WSU student displayed Shocker colors on horseback
Aug 7, 2012 4:00 PM | Print
Until this past May, Loyd, a senior in Health Services Management, was Wichita State's only participant in the National Intercollegiate Rodeo Association.
The past academic year was Loyd's last for intercollegiate rodeo eligibility. Before coming to WSU, she competed for three years while she was a student at Pratt Community College.
Now that her college eligibility is over, she plans to continue to ride in the Women's Professional Rodeo Association.
All in the family
Rodeo has been in her family since before she was born.
Loyd began riding horses before she was in kindergarten, and her father, mother, stepmother and older brother have all competed professionally.
When she competed as a student, she wore a vest with WSU's mascot and school name sewn by her grandmother.
During the school year, her day began with homework before riding practice, then she went to classes in the afternoon and evening.

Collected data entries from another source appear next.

lemma norm_le_sum_diag_probes:
  fixes X :: "complex^'n^'n"
  assumes "X \<in> herm"
  shows "norm X \<le> 4 * real CARD('n) ^ 2 * (\<Sum>U\<in>diag_probes. norm (diag_vec (U ** X ** ctrans U)))"
proof -
  have "norm X \<le> (\<Sum>i\<in>UNIV. \<Sum>k\<in>UNIV. cmod (X $ i $ k))"
    by (rule norm_le_sum_cmod_entries)
  also have "\<dots> \<le> (\<Sum>i\<in>(UNIV::'n set). \<Sum>k\<in>(UNIV::'n set).
      4 * (\<Sum>U\<in>diag_probes. norm (diag_vec (U ** X ** ctrans U))))"
    by (intro sum_mono cmod_entry_le_diag_probes[OF assms])
  finally show ?thesis
    by (simp add: power2_eq_square mult_ac)
qed

lemma powr_sum_le_card_powr_mult:
  assumes "finite A" "\<And>a. a \<in> A \<Longrightarrow> 0 \<le> f a" "0 \<le> (m::real)"
  shows "(\<Sum>a\<in>A. f a) powr m \<le> real (card A) powr m * (\<Sum>a\<in>A. f a powr m)"
proof (cases "A = {}")
  case False
  obtain a0 where "a0 \<in> A" "f a0 = Max (f ` A)"
    using Max_in[of "f ` A"] assms(1) False by fastforce
  then have a0: "a0 \<in> A" "\<And>a. a \<in> A \<Longrightarrow> f a \<le> f a0"
    using assms(1) by auto
  have "(\<Sum>a\<in>A. f a) powr m \<le> (real (card A) * f a0) powr m"
    using assms a0 sum_bounded_above[of A f "f a0"] by (intro powr_mono2) (auto intro: sum_nonneg)
  also have "\<dots> = real (card A) powr m * f a0 powr m"
    using assms a0 by (simp add: powr_mult)
  also have "\<dots> \<le> real (card A) powr m * (\<Sum>a\<in>A. f a powr m)"
    using assms a0 by (intro mult_left_mono member_le_sum) auto
  finally show ?thesis .
qed simp

definition finite_moment :: "'a measure \<Rightarrow> ('a \<Rightarrow> real) \<Rightarrow> real \<Rightarrow> bool" where
  "finite_moment M S m \<longleftrightarrow> (\<integral>\<^sup>+ \<omega>. ennreal (S \<omega> powr m) \<partial>M) < \<infinity>"

lemma tail_index_cong_finite_moment:
  assumes "\<And>m. 0 \<le> m \<Longrightarrow> finite_moment M S m \<longleftrightarrow> finite_moment M T m"
  shows "tail_index M S \<alpha> \<longleftrightarrow> tail_index M T \<alpha>"
proof -
  have "{m. 0 \<le> m \<and> finite_moment M S m} = {m. 0 \<le> m \<and> finite_moment M T m}"
    using assms by blast
  then show ?thesis
    by (simp add: tail_index_def finite_moment_def)
qed

lemma finite_moment_cong:
  "(\<And>\<omega>. \<omega> \<in> space M \<Longrightarrow> S \<omega> = T \<omega>) \<Longrightarrow> finite_moment M S m \<longleftrightarrow> finite_moment M T m"
  unfolding finite_moment_def by (simp cong: nn_integral_cong)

After classes there was usually more practice. Loyd typically rode between two and three hours a day.
The costs for practice, care of her horses and travel expenses for competitions were covered by Loyd and her family.
Even though she has been competing for many years, Loyd has never been seriously injured, although at 21 years old a tendon in her right shoulder is starting to show overuse from roping practice.
Loyd competes in both breakaway roping and barrel racing.
Breakaway roping is similar to cattle roping, except that the rider does not tie the calf's legs. The rider's rope is tied to the saddle by a light string, which breaks away after the calf is roped.
"Barrel racing is when you run a cloverleaf pattern around barrels in the arena," she said. In the event, riders follow a path around obstacles in the ring, performing a combination of left and right turns.
Scoring in both events is based on the time it takes for the rider to finish.
"I'm addicted to breakaway roping," she said. "I always think of rodeoing like gambling. I don't like to gamble at casinos, so instead I just enter rodeos."